** Available data follows **

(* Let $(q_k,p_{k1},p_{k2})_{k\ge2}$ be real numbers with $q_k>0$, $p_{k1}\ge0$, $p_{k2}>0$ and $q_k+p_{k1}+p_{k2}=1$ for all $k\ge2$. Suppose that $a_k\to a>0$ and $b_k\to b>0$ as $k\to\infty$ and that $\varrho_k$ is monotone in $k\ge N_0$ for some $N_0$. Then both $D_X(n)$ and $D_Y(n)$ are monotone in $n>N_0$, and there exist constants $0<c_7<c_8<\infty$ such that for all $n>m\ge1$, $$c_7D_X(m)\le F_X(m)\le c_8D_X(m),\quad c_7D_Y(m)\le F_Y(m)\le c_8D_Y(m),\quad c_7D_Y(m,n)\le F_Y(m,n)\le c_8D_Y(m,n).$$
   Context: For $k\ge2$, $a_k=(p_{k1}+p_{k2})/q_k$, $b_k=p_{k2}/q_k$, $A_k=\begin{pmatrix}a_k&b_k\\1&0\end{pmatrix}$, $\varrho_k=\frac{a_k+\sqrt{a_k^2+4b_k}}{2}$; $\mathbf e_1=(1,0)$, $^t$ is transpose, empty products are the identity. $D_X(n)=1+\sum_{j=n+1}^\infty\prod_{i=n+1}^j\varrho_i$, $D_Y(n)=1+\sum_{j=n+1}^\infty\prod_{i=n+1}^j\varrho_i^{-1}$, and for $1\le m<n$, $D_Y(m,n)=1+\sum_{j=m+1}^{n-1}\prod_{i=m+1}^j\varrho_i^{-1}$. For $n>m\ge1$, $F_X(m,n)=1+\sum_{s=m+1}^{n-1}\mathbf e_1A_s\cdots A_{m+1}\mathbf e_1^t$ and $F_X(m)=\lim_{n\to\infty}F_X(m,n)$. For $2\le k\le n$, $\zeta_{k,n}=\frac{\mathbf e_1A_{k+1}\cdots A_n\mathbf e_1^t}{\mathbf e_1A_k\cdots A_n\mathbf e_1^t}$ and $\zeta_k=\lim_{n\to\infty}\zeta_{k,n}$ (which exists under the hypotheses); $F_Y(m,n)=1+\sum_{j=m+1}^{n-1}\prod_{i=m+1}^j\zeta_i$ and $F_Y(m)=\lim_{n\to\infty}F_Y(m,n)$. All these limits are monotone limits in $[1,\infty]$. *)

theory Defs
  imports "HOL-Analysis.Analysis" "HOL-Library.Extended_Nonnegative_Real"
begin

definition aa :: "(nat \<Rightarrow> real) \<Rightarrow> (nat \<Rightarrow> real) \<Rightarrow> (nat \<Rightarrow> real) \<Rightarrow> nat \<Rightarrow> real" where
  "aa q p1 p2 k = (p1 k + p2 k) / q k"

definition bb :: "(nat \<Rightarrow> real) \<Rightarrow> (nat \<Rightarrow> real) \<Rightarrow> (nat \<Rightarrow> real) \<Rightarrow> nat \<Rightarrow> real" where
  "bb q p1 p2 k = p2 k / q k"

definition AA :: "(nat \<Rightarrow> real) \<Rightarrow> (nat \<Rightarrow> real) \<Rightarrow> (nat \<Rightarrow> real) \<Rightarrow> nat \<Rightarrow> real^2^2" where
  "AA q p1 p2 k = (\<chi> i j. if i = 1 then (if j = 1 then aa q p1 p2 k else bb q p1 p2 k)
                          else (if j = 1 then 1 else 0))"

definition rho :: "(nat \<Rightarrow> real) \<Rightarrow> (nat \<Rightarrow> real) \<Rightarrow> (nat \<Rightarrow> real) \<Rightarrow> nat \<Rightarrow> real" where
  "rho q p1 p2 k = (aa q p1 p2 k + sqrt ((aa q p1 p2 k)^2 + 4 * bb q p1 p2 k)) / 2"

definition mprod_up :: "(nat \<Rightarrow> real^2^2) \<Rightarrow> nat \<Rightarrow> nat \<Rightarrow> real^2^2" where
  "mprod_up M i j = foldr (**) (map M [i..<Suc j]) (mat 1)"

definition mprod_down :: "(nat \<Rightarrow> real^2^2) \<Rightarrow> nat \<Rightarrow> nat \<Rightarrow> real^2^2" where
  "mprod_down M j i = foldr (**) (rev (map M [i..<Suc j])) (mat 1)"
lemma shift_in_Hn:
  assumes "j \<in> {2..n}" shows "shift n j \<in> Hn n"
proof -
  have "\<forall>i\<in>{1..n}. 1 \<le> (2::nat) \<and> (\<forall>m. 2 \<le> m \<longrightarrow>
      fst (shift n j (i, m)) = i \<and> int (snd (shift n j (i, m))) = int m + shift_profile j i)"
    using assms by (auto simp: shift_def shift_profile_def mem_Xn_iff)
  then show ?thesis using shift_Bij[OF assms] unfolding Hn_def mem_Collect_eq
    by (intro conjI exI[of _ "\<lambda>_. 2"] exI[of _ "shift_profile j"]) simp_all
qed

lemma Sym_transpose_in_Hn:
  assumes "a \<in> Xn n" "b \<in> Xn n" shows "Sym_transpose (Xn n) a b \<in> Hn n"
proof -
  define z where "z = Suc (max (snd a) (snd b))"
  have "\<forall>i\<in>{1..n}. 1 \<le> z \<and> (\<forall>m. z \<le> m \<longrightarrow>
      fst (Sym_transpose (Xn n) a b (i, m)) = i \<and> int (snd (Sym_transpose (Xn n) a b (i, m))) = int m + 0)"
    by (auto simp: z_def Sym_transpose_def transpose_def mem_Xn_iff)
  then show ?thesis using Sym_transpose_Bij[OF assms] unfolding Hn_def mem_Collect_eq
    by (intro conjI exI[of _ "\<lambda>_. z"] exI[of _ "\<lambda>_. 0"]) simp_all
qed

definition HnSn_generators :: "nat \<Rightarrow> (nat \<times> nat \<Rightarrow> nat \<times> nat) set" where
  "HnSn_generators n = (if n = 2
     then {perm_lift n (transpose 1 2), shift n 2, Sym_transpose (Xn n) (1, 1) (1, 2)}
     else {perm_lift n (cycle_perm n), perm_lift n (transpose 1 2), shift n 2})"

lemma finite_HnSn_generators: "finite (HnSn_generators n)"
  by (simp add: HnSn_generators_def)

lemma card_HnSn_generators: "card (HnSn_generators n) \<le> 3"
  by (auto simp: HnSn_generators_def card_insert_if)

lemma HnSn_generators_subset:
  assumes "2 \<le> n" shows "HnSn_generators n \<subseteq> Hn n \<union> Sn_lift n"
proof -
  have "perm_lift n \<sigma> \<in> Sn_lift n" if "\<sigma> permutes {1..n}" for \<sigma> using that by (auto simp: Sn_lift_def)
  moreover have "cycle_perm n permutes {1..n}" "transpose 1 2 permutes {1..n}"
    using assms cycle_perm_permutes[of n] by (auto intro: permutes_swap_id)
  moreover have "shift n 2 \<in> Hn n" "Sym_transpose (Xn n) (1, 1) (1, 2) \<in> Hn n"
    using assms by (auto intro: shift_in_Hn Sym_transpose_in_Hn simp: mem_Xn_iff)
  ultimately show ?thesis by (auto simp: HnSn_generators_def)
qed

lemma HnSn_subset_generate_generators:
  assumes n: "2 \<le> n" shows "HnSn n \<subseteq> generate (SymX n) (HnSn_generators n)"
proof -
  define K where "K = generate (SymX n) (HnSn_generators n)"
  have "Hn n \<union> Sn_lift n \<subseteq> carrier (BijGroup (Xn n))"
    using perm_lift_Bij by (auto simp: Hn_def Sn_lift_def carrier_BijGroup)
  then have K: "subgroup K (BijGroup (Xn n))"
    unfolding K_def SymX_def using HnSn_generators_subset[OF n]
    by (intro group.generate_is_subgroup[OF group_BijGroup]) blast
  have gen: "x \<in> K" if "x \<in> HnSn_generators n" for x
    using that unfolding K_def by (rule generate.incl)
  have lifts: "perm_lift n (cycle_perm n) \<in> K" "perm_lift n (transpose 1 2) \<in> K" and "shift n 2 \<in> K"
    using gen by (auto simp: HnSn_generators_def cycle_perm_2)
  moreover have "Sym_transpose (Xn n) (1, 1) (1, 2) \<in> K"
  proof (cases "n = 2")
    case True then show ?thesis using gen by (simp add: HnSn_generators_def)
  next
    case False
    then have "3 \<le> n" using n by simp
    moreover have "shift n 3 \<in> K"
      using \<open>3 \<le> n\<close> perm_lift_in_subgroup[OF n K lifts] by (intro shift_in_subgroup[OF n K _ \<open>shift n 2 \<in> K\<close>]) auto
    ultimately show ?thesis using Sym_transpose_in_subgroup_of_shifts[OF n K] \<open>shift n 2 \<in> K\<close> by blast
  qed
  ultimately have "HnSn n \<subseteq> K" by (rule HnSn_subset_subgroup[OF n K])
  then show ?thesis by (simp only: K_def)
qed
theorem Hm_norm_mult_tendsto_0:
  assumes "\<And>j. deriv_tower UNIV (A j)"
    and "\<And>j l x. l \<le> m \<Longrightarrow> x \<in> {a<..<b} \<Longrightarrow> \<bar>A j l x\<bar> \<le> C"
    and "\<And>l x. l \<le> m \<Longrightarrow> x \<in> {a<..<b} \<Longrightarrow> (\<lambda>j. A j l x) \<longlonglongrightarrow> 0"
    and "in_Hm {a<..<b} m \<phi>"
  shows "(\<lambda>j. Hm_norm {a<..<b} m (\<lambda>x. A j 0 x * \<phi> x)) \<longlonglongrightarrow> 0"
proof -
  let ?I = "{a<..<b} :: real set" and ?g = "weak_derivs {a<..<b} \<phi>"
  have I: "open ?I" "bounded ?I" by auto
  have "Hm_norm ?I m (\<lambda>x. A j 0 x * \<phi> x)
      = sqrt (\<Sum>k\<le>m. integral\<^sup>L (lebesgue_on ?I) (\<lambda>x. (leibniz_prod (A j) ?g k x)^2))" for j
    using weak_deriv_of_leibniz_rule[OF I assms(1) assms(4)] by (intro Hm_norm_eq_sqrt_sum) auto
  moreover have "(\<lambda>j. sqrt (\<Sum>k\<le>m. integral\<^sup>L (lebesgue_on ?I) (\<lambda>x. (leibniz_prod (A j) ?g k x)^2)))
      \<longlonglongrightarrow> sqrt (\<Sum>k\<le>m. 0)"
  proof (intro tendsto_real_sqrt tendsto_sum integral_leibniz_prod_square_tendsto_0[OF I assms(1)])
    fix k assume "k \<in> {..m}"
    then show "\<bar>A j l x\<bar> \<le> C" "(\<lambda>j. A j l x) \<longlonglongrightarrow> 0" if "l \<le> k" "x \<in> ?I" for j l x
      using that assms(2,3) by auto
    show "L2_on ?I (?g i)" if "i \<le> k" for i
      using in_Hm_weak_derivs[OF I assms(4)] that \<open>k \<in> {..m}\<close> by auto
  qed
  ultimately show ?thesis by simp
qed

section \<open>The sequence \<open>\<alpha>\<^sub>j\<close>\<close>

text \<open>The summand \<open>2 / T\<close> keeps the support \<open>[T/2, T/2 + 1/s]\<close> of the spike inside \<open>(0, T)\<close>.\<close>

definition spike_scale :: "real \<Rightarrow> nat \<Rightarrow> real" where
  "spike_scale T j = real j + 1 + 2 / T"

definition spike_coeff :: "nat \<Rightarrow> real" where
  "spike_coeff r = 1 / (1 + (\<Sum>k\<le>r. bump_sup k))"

** End of Available data **
** Available data follows **

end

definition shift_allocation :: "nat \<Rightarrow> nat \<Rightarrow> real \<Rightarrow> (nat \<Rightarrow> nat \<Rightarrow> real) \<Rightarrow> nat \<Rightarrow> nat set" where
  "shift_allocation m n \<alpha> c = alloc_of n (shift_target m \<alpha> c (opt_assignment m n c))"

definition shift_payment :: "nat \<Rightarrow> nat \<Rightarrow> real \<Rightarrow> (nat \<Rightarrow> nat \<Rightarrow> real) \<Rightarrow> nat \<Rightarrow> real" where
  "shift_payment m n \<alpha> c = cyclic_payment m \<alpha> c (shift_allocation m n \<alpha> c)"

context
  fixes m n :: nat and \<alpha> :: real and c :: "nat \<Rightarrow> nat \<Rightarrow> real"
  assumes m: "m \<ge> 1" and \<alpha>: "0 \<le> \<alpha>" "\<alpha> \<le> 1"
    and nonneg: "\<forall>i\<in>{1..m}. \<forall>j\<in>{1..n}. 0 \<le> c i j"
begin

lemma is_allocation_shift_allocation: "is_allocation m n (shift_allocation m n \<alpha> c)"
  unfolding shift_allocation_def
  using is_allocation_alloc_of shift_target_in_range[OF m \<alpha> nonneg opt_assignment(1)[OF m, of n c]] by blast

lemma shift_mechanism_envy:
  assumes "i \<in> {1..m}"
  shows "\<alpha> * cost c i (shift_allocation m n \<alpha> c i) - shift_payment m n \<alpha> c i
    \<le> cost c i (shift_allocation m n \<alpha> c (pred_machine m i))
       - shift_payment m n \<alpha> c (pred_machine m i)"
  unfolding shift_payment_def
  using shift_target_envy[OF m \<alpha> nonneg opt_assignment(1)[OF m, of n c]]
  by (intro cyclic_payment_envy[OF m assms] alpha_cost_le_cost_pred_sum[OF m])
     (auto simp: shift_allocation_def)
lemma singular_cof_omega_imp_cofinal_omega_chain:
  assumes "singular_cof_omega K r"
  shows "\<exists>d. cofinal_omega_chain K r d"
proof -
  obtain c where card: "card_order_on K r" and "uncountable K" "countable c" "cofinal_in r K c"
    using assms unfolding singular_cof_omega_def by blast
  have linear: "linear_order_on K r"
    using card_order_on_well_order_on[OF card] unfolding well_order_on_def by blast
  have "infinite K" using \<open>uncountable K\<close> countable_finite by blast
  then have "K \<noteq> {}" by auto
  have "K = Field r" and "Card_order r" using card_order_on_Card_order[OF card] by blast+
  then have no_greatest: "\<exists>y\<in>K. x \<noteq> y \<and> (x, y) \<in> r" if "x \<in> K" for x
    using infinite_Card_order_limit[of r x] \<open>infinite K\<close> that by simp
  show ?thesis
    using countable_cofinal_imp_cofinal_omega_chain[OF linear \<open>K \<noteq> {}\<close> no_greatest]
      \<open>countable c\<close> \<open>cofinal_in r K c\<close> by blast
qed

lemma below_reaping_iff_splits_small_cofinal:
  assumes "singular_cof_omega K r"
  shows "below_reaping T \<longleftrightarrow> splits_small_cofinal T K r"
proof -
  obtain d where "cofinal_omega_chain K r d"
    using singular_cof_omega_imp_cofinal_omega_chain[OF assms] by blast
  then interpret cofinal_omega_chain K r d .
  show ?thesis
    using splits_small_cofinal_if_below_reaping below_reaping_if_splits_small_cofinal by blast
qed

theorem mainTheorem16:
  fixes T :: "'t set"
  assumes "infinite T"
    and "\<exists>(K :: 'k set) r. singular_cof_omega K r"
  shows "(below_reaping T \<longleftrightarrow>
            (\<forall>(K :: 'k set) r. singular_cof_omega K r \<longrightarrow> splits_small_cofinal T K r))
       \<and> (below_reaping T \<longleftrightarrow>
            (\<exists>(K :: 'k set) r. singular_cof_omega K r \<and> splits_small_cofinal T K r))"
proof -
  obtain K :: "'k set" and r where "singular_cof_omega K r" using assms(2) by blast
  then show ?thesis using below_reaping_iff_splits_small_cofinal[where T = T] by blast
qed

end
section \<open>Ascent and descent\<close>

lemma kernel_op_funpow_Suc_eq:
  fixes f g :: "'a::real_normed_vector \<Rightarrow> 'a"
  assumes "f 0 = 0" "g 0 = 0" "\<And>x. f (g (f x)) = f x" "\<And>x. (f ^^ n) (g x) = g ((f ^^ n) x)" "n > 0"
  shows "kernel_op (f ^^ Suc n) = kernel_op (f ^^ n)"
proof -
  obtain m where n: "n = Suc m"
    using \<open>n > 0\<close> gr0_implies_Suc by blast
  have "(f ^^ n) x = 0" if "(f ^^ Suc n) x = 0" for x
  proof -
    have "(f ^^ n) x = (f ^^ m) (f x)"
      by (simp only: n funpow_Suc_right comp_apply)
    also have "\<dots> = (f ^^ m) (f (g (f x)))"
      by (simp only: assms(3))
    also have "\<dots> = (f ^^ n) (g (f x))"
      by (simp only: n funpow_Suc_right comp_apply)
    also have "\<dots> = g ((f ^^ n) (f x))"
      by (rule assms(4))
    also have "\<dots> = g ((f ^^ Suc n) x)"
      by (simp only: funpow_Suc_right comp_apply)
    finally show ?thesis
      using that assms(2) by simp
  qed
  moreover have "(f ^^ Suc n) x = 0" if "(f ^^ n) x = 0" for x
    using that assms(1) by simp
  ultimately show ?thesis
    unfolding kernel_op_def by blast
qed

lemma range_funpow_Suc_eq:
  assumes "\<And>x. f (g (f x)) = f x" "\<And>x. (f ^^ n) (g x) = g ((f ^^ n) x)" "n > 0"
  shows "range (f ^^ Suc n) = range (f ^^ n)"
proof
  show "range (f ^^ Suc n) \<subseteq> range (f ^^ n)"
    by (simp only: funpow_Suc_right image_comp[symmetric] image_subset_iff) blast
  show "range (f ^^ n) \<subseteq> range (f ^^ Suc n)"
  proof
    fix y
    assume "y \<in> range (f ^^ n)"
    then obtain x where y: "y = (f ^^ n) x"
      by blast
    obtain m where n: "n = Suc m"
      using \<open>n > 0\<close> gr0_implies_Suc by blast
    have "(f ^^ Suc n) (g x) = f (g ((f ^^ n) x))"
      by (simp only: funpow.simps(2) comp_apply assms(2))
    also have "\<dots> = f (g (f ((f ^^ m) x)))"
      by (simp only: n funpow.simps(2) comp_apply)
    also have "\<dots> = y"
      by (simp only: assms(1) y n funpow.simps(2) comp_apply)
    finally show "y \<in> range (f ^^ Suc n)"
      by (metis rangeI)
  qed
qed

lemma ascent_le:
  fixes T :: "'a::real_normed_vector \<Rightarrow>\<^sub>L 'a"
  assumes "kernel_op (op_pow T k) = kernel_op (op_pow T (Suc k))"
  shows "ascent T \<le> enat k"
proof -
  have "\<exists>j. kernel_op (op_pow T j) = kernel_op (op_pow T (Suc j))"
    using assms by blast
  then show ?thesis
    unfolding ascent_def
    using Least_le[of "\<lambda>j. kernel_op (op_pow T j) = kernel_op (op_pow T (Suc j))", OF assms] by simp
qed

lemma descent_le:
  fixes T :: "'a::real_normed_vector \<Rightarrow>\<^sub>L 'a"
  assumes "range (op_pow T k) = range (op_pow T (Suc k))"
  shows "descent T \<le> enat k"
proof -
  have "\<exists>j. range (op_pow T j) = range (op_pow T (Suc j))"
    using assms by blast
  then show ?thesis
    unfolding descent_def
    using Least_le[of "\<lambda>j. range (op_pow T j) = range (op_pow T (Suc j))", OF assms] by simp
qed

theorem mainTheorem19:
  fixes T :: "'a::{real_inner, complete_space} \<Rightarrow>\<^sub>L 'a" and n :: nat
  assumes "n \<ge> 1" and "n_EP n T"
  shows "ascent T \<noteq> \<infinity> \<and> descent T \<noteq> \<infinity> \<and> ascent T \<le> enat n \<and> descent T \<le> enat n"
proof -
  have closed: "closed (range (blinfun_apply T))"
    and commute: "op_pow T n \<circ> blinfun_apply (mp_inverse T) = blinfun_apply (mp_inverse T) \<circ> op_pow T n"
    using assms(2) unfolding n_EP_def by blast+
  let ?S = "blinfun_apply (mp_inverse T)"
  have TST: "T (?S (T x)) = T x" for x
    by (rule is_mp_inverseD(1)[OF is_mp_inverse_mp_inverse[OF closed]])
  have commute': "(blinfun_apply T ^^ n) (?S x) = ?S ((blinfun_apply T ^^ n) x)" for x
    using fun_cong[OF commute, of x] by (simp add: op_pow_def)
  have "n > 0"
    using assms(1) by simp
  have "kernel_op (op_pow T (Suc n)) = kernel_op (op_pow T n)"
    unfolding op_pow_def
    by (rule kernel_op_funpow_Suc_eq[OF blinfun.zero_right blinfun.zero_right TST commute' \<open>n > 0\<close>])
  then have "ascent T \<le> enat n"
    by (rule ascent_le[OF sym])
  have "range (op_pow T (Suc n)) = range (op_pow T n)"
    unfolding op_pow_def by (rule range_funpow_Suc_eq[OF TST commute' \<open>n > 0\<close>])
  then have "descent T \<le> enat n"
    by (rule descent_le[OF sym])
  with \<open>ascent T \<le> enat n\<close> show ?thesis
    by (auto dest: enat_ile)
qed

** End of Available data **
** Available data follows **

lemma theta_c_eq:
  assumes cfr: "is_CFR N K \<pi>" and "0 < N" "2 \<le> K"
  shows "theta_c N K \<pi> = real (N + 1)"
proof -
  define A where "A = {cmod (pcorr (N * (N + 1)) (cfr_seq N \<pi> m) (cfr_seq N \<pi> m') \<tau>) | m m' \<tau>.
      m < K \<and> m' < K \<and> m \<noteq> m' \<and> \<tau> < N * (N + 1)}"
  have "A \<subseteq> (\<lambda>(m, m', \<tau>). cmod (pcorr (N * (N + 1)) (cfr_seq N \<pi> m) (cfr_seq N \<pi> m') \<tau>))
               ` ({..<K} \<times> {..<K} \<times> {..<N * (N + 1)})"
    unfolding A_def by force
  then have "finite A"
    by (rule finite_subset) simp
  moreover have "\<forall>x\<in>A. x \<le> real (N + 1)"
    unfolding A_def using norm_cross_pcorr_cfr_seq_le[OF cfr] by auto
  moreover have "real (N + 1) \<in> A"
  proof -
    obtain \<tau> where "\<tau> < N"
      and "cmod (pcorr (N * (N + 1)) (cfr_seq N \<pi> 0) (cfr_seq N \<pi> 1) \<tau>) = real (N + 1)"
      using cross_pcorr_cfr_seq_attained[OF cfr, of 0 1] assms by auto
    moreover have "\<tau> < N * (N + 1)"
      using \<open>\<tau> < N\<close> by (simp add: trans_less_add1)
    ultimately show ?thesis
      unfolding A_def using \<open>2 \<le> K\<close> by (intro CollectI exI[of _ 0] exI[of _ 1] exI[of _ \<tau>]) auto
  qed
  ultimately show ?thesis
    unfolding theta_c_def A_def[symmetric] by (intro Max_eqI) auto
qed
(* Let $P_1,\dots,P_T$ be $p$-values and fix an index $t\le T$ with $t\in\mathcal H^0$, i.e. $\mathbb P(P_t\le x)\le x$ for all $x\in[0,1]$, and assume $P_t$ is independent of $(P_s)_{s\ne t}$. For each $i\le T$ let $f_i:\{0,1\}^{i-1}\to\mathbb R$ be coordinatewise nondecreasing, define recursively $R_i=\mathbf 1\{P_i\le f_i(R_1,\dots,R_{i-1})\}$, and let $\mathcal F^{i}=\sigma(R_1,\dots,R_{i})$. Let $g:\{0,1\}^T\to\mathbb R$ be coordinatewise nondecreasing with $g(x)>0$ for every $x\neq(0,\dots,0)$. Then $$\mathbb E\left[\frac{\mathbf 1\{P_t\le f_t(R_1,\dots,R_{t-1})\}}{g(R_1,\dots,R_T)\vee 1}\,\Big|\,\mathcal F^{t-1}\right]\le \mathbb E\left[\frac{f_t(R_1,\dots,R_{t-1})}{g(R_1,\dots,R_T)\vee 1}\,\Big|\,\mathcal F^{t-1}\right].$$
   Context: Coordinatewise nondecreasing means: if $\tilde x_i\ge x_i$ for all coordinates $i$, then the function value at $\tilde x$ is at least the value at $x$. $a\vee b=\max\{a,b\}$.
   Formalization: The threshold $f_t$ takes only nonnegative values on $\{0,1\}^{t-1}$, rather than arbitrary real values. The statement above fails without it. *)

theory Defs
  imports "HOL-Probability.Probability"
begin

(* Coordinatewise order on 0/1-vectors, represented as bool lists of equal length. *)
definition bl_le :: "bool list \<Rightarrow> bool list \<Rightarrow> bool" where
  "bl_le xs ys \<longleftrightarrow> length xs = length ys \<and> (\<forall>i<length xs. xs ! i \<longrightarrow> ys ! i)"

** End of Available data **

Find and copy each line above holding "closed".

=== Response area ===
  have closed: "closed (range (blinfun_apply T))"
    by (rule is_mp_inverseD(1)[OF is_mp_inverse_mp_inverse[OF closed]])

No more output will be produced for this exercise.